When I'm in this turning point and I'm sitting and I'm realizing for the first time, wait a second, so, what is actually happening in my life – yelling, screaming, getting frustrated and nothing, fighting, being in debt, being overweight, drinking myself to sleep, smoking two packs a day, lying to people, getting fired from jobs, ruining friendship, getting cars, being massively in debt, stealing things, I mean I can keep going if you wanna know all the terrible things about the existence of my twenties. And as I sat one day reflecting on these, I could not help but think like this was my fault. I'm the one who put myself here and this became really interesting to started thinking about it more and even when I was still doing a lot of these things, I still was thinking like, wait a second, I think I'm doing this.
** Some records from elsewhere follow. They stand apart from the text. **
(* Let $X$ be a vertex-weighted simplicial complex on $n$ vertices, fix $k$, and let $U^{h}$ be a $\Pi^\pm_k$-projected $(1,\alpha,0)$-unitary encoding of $\Pi^\pm_kP\Pi^\pm_k$, i.e. $(\Pi^\pm_k\otimes\langle0^\alpha|)U^{h}(\Pi^\pm_k\otimes|0^\alpha\rangle)=\Pi^\pm_kP\Pi^\pm_k$. Let $V^{h}=((I_n\otimes HZ\otimes I)\otimes I_\alpha)U^{h}$, where $HZ$ (product of Hadamard and Pauli-$Z$) acts on qubit $n+1$. Then $(\Pi_k\otimes\langle0^\alpha|)V^{h}(\Pi_k\otimes|0^\alpha\rangle)=\frac{\Delta_k}{K\sqrt2}$.
   Context: Vertices $V=\{1,\dots,n\}$ with weights $w:V\to(0,\infty)$. $X$ is a family of nonempty subsets of $V$ closed under nonempty subsets; $X_k$ = $k$-simplices (size $k+1$), identified with Hamming-weight-$(k+1)$ strings $x_\sigma\in\{0,1\}^n$. Oriented $k$-simplex: ordering $[v_0,\dots,v_k]$ up to even permutations, positive if an even permutation of the increasing order. $X^\pm_k=X^+_k\cup X^-_k$, $\overline\sigma$ opposite orientation, $\sigma_+$ the positive one of $\sigma,\overline\sigma$. $[v_0,\dots,v_k]$ induces on the face missing $v_j$ the orientation $(-1)^j[v_0,..,\widehat{v_j},..,v_k]$ and on a coface $\sigma\cup\{u\}$ the orientation $[u,v_0,\dots,v_k]$. For oriented $\sigma,\sigma'$ with distinct underlying simplices, $\sigma\sim_\downarrow\sigma'$ if they share a $(k-1)$-face and induce the same orientation on it; $\sigma\sim_\uparrow\sigma'$ if their union is a $(k+1)$-simplex of $X$ on which they induce the same orientation; $\nsim_\uparrow$ is its negation; $v_\sigma$ ($v_{\sigma'}$) is the vertex of $\sigma$ not in $\sigma'$ (vice versa); $\mathrm{up}(\sigma)=\{u:\sigma\cup\{u\}\in X_{k+1}\}$. $\Delta_k$ is the matrix indexed by $X^+_k$ with $(\Delta_k)_{\sigma\sigma}=\sum_{u\in\mathrm{up}(\sigma)}w(u)^2+\sum_{v\in\sigma}w(v)^2$, $(\Delta_k)_{\sigma\sigma'}=w(v_\sigma)w(v_{\sigma'})$ if $\sigma\sim_\downarrow\sigma'$ and $\sigma\nsim_\uparrow\overline{\sigma'}$, $-w(v_\sigma)w(v_{\sigma'})$ if $\sigma\sim_\downarrow\overline{\sigma'}$ and $\sigma\nsim_\uparrow\sigma'$, $0$ otherwise. $\Theta$ is an absorbing state, $S_k=X^\pm_k\cup\{\Theta\}$; $|\sigma\rangle$ is the $(n+2)$-qubit state $|x_\sigma\rangle|00\rangle$ ($\sigma\in X^+_k$), $|x_\sigma\rangle|10\rangle$ ($\sigma\in X^-_k$), $|0^n\rangle|01\rangle$ ($\Theta$). $\Pi_k$, $\Pi^\pm_k$ project onto $\mathrm{span}\{|\sigma\rangle\}$ over $X^+_k$, $X^\pm_k$; matrices indexed by $X^+_k$ or $S_k$ act on these spans in this basis and as $0$ elsewhere. $U$ is a $\Pi_s$-projected $(a,\alpha,\epsilon)$-unitary encoding of $A$ if $\|A-a(\Pi_s\otimes\langle0^\alpha|)U(\Pi_s\otimes|0^\alpha\rangle)\|\le\epsilon$. For $\sigma\in X^\pm_k$: $i(\sigma)$ = position of the $i$-th $0$ of $x_\sigma$, $\tilde j(\sigma)$ = position of its $j$-th $1$. $K=\max_{\sigma\in X^\pm_k}\big(\sum_{i\in[n]}w(i)^2+\sum_{i\in[n-k-1],j\in[k+1]}w(i(\sigma))w(\tilde j(\sigma))\big)$; $\eta_\sigma=1-\frac1K\sum_{\sigma'\in X^+_k}|(\Delta_k)_{\sigma'\sigma_+}|$. $P$ on $S_k$: for $\sigma,\sigma'\in X^\pm_k$, $P_{\sigma\sigma}=(\sum_{u\in\mathrm{up}(\sigma)}w(u)^2+\sum_{v\in\sigma}w(v)^2)/K$, $P_{\sigma\sigma'}=w(v_\sigma)w(v_{\sigma'})/K$ if $\sigma\sim_\downarrow\sigma'$ and $\sigma\nsim_\uparrow\overline{\sigma'}$, $P_{\sigma\Theta}=\eta_\sigma$, $P_{\Theta\Theta}=1$, all other entries $0$. *)

theory Defs
  imports "HOL-Analysis.Analysis"
begin

text \<open>An oriented simplex is represented as a pair (s, b): b = True is the
positive orientation (the class of the increasing ordering), b = False
the opposite one.\<close>

type_synonym osimplex = "nat set \<times> bool"

definition is_complex :: "nat \<Rightarrow> nat set set \<Rightarrow> bool" where
  "is_complex n X \<longleftrightarrow> (\<forall>s\<in>X. s \<noteq> {} \<and> s \<subseteq> {1..n}) \<and>
     (\<forall>s\<in>X. \<forall>t. t \<subseteq> s \<and> t \<noteq> {} \<longrightarrow> t \<in> X)"

definition simplices :: "nat set set \<Rightarrow> nat \<Rightarrow> nat set set" where
  "simplices X k = {s\<in>X. card s = k + 1}"

definition Xplus :: "nat set set \<Rightarrow> nat \<Rightarrow> osimplex set" where
  "Xplus X k = {(s, True) | s. s \<in> simplices X k}"

definition Xminus :: "nat set set \<Rightarrow> nat \<Rightarrow> osimplex set" where
  "Xminus X k = {(s, False) | s. s \<in> simplices X k}"

definition Xpm :: "nat set set \<Rightarrow> nat \<Rightarrow> osimplex set" where
  "Xpm X k = Xplus X k \<union> Xminus X k"

definition opp :: "osimplex \<Rightarrow> osimplex" where
  "opp \<sigma> = (fst \<sigma>, \<not> snd \<sigma>)"

text \<open>Orientation induced by (s,b) on the face missing v: removing v_j from
the increasing ordering [v_0,...,v_k] gives (-1)^j times the increasing
ordering of the face, where j = #{x in s. x < v}.\<close>
definition face_orient :: "osimplex \<Rightarrow> nat \<Rightarrow> osimplex" where
  "face_orient \<sigma> v = (fst \<sigma> - {v}, snd \<sigma> = even (card {x\<in>fst \<sigma>. x < v}))"

text \<open>Orientation induced by (s,b) on the coface s+{u}: the ordering
[u, v_0, ..., v_k] differs from increasing order by #{x in s. x < u}
transpositions.\<close>
definition coface_orient :: "osimplex \<Rightarrow> nat \<Rightarrow> osimplex" where
  "coface_orient \<sigma> u = (insert u (fst \<sigma>), snd \<sigma> = even (card {x\<in>fst \<sigma>. x < u}))"

definition vdiff :: "osimplex \<Rightarrow> osimplex \<Rightarrow> nat" where
  "vdiff \<sigma> \<sigma>' = the_elem (fst \<sigma> - fst \<sigma>')"

definition down_adj :: "osimplex \<Rightarrow> osimplex \<Rightarrow> bool" where
  "down_adj \<sigma> \<sigma>' \<longleftrightarrow> fst \<sigma> \<noteq> fst \<sigma>' \<and> card (fst \<sigma>) = card (fst \<sigma>') \<and>
     card (fst \<sigma> \<inter> fst \<sigma>') + 1 = card (fst \<sigma>) \<and>
     face_orient \<sigma> (vdiff \<sigma> \<sigma>') = face_orient \<sigma>' (vdiff \<sigma>' \<sigma>)"
lemma weyl_alg_eq_sum_wX_powers:
  assumes "z * wX = wX * z"
  shows "z = (\<Sum>i\<in>fst ` weyl_supp (Rep_weyl_alg z). wconst (Rep_weyl_alg z i 0) * wX ^ i)"
proof -
  let ?I = "fst ` weyl_supp (Rep_weyl_alg z)"
  have "weyl_supp (Rep_weyl_alg z) \<subseteq> (\<lambda>i. (i, 0)) ` ?I"
  proof
    fix p assume p: "p \<in> weyl_supp (Rep_weyl_alg z)"
    moreover obtain i j where "p = (i, j)" by fastforce
    moreover have "j = 0" using commute_wX_imp_weyl_supp[OF assms] p calculation(2) by blast
    ultimately show "p \<in> (\<lambda>i. (i, 0)) ` ?I" by (metis fst_conv image_eqI)
  qed
  moreover have "finite (weyl_supp (Rep_weyl_alg z))"
    using Rep_weyl_alg[of z] by (simp add: weyl_carrier_iff)
  ultimately have "weyl_alg_rep.eval (Rep_weyl_alg z) =
      (\<Sum>(i, j)\<in>(\<lambda>i. (i, 0)) ` ?I. wconst (Rep_weyl_alg z i j) * (wX ^ i * wY ^ j))"
    by (intro weyl_alg_rep.eval_superset finite_imageI)
  also have "\<dots> = (\<Sum>i\<in>?I. wconst (Rep_weyl_alg z i 0) * wX ^ i)"
    by (subst sum.reindex) (auto intro: inj_onI)
  finally show ?thesis
    by (simp only: weyl_alg_expansion)
qed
It was maybe in that like pre contemplation phase, you know what I mean, where you're just kind of like a think this doesn't make sense, a think this is wrong, you're still not solidified, it hasn't really come to pass that you've made meaning of it in a practical way that's going to impact your life for the better, you're not there yet, that's kind of when I was sitting and trying to look at these behaviors and be like, why do I keep doing this?
You know, I wrote in the first book it was like standing side of a house that was on fire and I was the one holding the matches because that's very much what it was. And so, one day was thinking about the introduction of chaos, I was thinking about creating pain and suffering in my life by my own choices, by my own devices, by my own lack of will, I mean I really had no will to do anything in my life for very long time it was like, what the fuck is a point? I don't have any confidence, nobody believes in me, nobody cares, my parents abandoned me, my mom is a drug addict who cut my finger off, my step dad that'd beat the crap out of me, I was homeless as a kid and it was just like, I'm looking at all these things and I was like fuck it, what is the point of any of this? This is so, why?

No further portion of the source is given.